We will provide the same initial input as before.

Initial input:

61 62 63 64 65

This challenge is now mangling your input using the `swap` mangler for indexes `3` and `4`.

This mangled your input, resulting in:

61 62 63 65 64

The mangling is done! The resulting bytes will be used for the final comparison.

We can see that the fourth and fifth characters have been flipped. Let's keep this in mind for when we provide the actual key.

Looking at the expected result tells us what the actual key would look like after mangling is done.

Expected result:

6a 6b 76 74 66 <------ jkvtf

Remember that the fourth and fifth bytes are flipped, so jkvft is actual the key.

 

level 3.0

This challenge is now mangling your input using the reverse mangler.
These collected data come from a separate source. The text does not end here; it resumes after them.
lemma mult_diag_rect_index:
  assumes "(A :: 'a :: semiring_0 mat) \<in> carrier_mat n m" "i < n" "j < p"
  shows "(A * diag_rect m p f) $$ (i,j) = (if j < m then A $$ (i,j) * f j else 0)"
proof -
  have "(A * diag_rect m p f) $$ (i,j) = (\<Sum>k<m. A $$ (i,k) * (if k = j then f j else 0))"
    using assms by (simp add: scalar_prod_def atLeast0LessThan)
  also have "\<dots> = (\<Sum>k<m. if k = j then A $$ (i,j) * f j else 0)"
    by (rule sum.cong) auto
  finally show ?thesis by simp
qed

lemma diag_rect_mult_index:
  assumes "(A :: 'a :: semiring_0 mat) \<in> carrier_mat m p" "i < n" "j < p"
  shows "(diag_rect n m f * A) $$ (i,j) = (if i < m then f i * A $$ (i,j) else 0)"
proof -
  have "(diag_rect n m f * A) $$ (i,j) = (\<Sum>k<m. (if i = k then f k else 0) * A $$ (k,j))"
    using assms by (simp add: scalar_prod_def atLeast0LessThan)
  also have "\<dots> = (\<Sum>k<m. if k = i then f i * A $$ (i,j) else 0)"
    by (rule sum.cong) auto
  finally show ?thesis by simp
qed

lemma diag_rect_mult_vec_index:
  assumes "y \<in> carrier_vec n" "i < n"
  shows "(diag_rect n n g *\<^sub>v y) $ i = g i * y $ i"
proof -
  have "(diag_rect n n g *\<^sub>v y) $ i = (\<Sum>k<n. (if i = k then g k else 0) * y $ k)"
    using assms by (simp add: scalar_prod_def atLeast0LessThan)
  also have "\<dots> = (\<Sum>k<n. if k = i then g i * y $ i else 0)"
    by (rule sum.cong) auto
  finally show ?thesis using assms(2) by simp
qed

lemma diag_rect_mult:
  "diag_rect n m f * diag_rect m p (g :: nat \<Rightarrow> 'a :: semiring_0) =
   diag_rect n p (\<lambda>j. if j < m then f j * g j else 0)"
proof (rule eq_matI)
  fix i j assume "i < dim_row (diag_rect n p (\<lambda>j. if j < m then f j * g j else 0))"
    "j < dim_col (diag_rect n p (\<lambda>j. if j < m then f j * g j else 0))"
  then show "(diag_rect n m f * diag_rect m p g) $$ (i,j) =
      diag_rect n p (\<lambda>j. if j < m then f j * g j else 0) $$ (i,j)"
    by (subst diag_rect_mult_index[OF diag_rect_carrier]) auto
qed auto

lemma diag_rect_minus:
  "diag_rect n n (f :: nat \<Rightarrow> 'a :: group_add) - diag_rect n n g = diag_rect n n (\<lambda>j. f j - g j)"
  by (rule eq_matI) auto

lemma diag_rect_pow:
  "diag_rect n n (f :: nat \<Rightarrow> 'a :: semiring_1) ^\<^sub>m k = diag_rect n n (\<lambda>j. f j ^ k)"
proof (induction k)
  case 0
  show ?case by (simp add: one_mat_eq_diag_rect)
next
  case (Suc k)
  then show ?case by (simp add: diag_rect_mult) (rule diag_rect_cong, simp add: power_commutes)
qed

lemma diagonal_mat_eq_diag_rect:
  assumes "D \<in> carrier_mat n n" "diagonal_mat D"
  shows "D = diag_rect n n (\<lambda>j. D $$ (j,j))"
  by (rule eq_matI) (use assms in \<open>auto simp: diagonal_mat_def\<close>)

lemma diag_rect_right_inverse_nonzero:
  assumes "diag_rect n n d * Z = 1\<^sub>m n" "(Z :: 'a :: semiring_1 mat) \<in> carrier_mat n n" "j < n"
  shows "d j \<noteq> 0"
proof
  assume "d j = 0"
  then have "(diag_rect n n d * Z) $$ (j,j) = 0"
    using assms(2,3) by (subst diag_rect_mult_index) auto
  then show False using assms(1,3) by simp
qed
This level also mangles our input using a reverse mangler.

Initial input:

61 62 63 64 65

This challenge is now mangling your input using the `reverse` mangler.

This mangled your input, resulting in:

65 64 63 62 61

The mangling is done! The resulting bytes will be used for the final comparison.

As we can see, the order of our input bytes have been flipped, i.e. the LSB is now MSB and vice-versa.

Let's look at the expected result after mangling.

Expected result:

65 78 63 73 64 <------ excsd

The expected result after reversing is excsd, therefore the key dscxe is what we have to provide as user input.

 

level 4.0

This challenge is now mangling your input using the sort mangler.

This one is similar to level 1.0.

Initial input:

61 62 63 64 65

This challenge is now mangling your input using the `sort` mangler.

This mangled your input, resulting in:

61 62 63 64 65

The mangling is done! The resulting bytes will be used for the final comparison.

As we can see our input hasn't actually been sorted.

We simply have to provide the expected result as the key.

Expected result:

66 67 67 6b 79 <---- fggky

Our key will be fggky.

 

level 5.0

Initial input: 31 32 33 34 35
Mangled input: 34 37 36 31 30

Expected input: 67 69 60 61 60 <---- gi`a`

Each character is mapped to some other character .

If we provide the expected characters, we can see what characters they are mapped to.

Initial input: 67 69 60 61 60 <---- gi`a`
Mangled input: 62 6c 65 64 65 <---- blede

Expected input: 67 69 60 61 60 <---- gi`a`

So we must provide the string to which expected input is mapped (i.e. blede).